* REQUIRED ACTION *
Scan the records below for the line with "above a level" and the line with "using A by (intro finite_measure_Diff)". Repeat those two lines and every line between them exactly, and nothing else.

* MATERIAL FOR THIS EXERCISE *
text \<open>Conjugating every map by \<open>x \<mapsto> -x\<close> exchanges \<open>\<phi>\<^sub>+\<close> and \<open>\<phi>\<^sub>-\<close>, so it suffices to show
  that \<open>\<phi>\<^sub>+(x\<^sub>0) > 0\<close> at a single point forces \<open>\<phi>\<^sub>+ + \<phi>\<^sub>- = 1\<close> everywhere. As the maps are
  increasing, \<open>\<phi>\<^sub>+\<close> is monotone, and by shiftability and continuity the up-set
  \<open>{\<phi>\<^sub>+ > 0}\<close> cannot have a finite infimum, so \<open>\<phi>\<^sub>+ > 0\<close> everywhere. Hence from every point
  above a level \<open>M\<close> the walk escapes to \<open>+\<infinity>\<close> with probability at least \<open>\<phi>\<^sub>+(M) > 0\<close>. A
  zero-one argument (approximate the event of non-escape by a cylinder set and apply the
  Markov property at the first entrance times into \<open>[M, \<infinity>)\<close>) shows that a trajectory that
  does not tend to \<open>+\<infinity>\<close> visits \<open>[M, \<infinity>)\<close> only finitely often, for every \<open>M\<close>; that is,
  it tends to \<open>-\<infinity>\<close>.\<close>

section \<open>Approximation by a generating algebra\<close>

lemma (in finite_measure) measure_Diff_UN_lessThan_small:
  fixes A :: "nat \<Rightarrow> 'a set"
  assumes A: "range A \<subseteq> sets M" and e: "0 < e"
  shows "\<exists>K. measure M ((\<Union>i. A i) - (\<Union>i<K. A i)) < e"
proof -
  let ?U = "\<Union>i. A i" and ?UK = "\<lambda>K. \<Union>i<K. A i"
  have "(\<lambda>K. measure M (?UK K)) \<longlonglongrightarrow> measure M (\<Union>K. ?UK K)"
    using A by (intro finite_Lim_measure_incseq) (auto simp: incseq_def, force)
  moreover have "(\<Union>K. ?UK K) = ?U" by blast
  ultimately have "\<forall>\<^sub>F K in sequentially. measure M ?U - e < measure M (?UK K)"
    using e by (auto intro: order_tendstoD(1))
  then obtain K where "measure M ?U - measure M (?UK K) < e"
    by (metis (lifting) diff_less_eq add.commute eventually_sequentially order_refl)
  moreover have "measure M (?U - ?UK K) = measure M ?U - measure M (?UK K)"
    using A by (intro finite_measure_Diff) auto
  ultimately show ?thesis by (intro exI[of _ K]) simp
qed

* EXPECTED ANSWER *
  above a level \<open>M\<close> the walk escapes to \<open>+\<infinity>\<close> with probability at least \<open>\<phi>\<^sub>+(M) > 0\<close>. A
  zero-one argument (approximate the event of non-escape by a cylinder set and apply the
  Markov property at the first entrance times into \<open>[M, \<infinity>)\<close>) shows that a trajectory that
  does not tend to \<open>+\<infinity>\<close> visits \<open>[M, \<infinity>)\<close> only finitely often, for every \<open>M\<close>; that is,
  it tends to \<open>-\<infinity>\<close>.\<close>

section \<open>Approximation by a generating algebra\<close>

lemma (in finite_measure) measure_Diff_UN_lessThan_small:
  fixes A :: "nat \<Rightarrow> 'a set"
  assumes A: "range A \<subseteq> sets M" and e: "0 < e"
  shows "\<exists>K. measure M ((\<Union>i. A i) - (\<Union>i<K. A i)) < e"
proof -
  let ?U = "\<Union>i. A i" and ?UK = "\<lambda>K. \<Union>i<K. A i"
  have "(\<lambda>K. measure M (?UK K)) \<longlonglongrightarrow> measure M (\<Union>K. ?UK K)"
    using A by (intro finite_Lim_measure_incseq) (auto simp: incseq_def, force)
  moreover have "(\<Union>K. ?UK K) = ?U" by blast
  ultimately have "\<forall>\<^sub>F K in sequentially. measure M ?U - e < measure M (?UK K)"
    using e by (auto intro: order_tendstoD(1))
  then obtain K where "measure M ?U - measure M (?UK K) < e"
    by (metis (lifting) diff_less_eq add.commute eventually_sequentially order_refl)
  moreover have "measure M (?U - ?UK K) = measure M ?U - measure M (?UK K)"
    using A by (intro finite_measure_Diff) auto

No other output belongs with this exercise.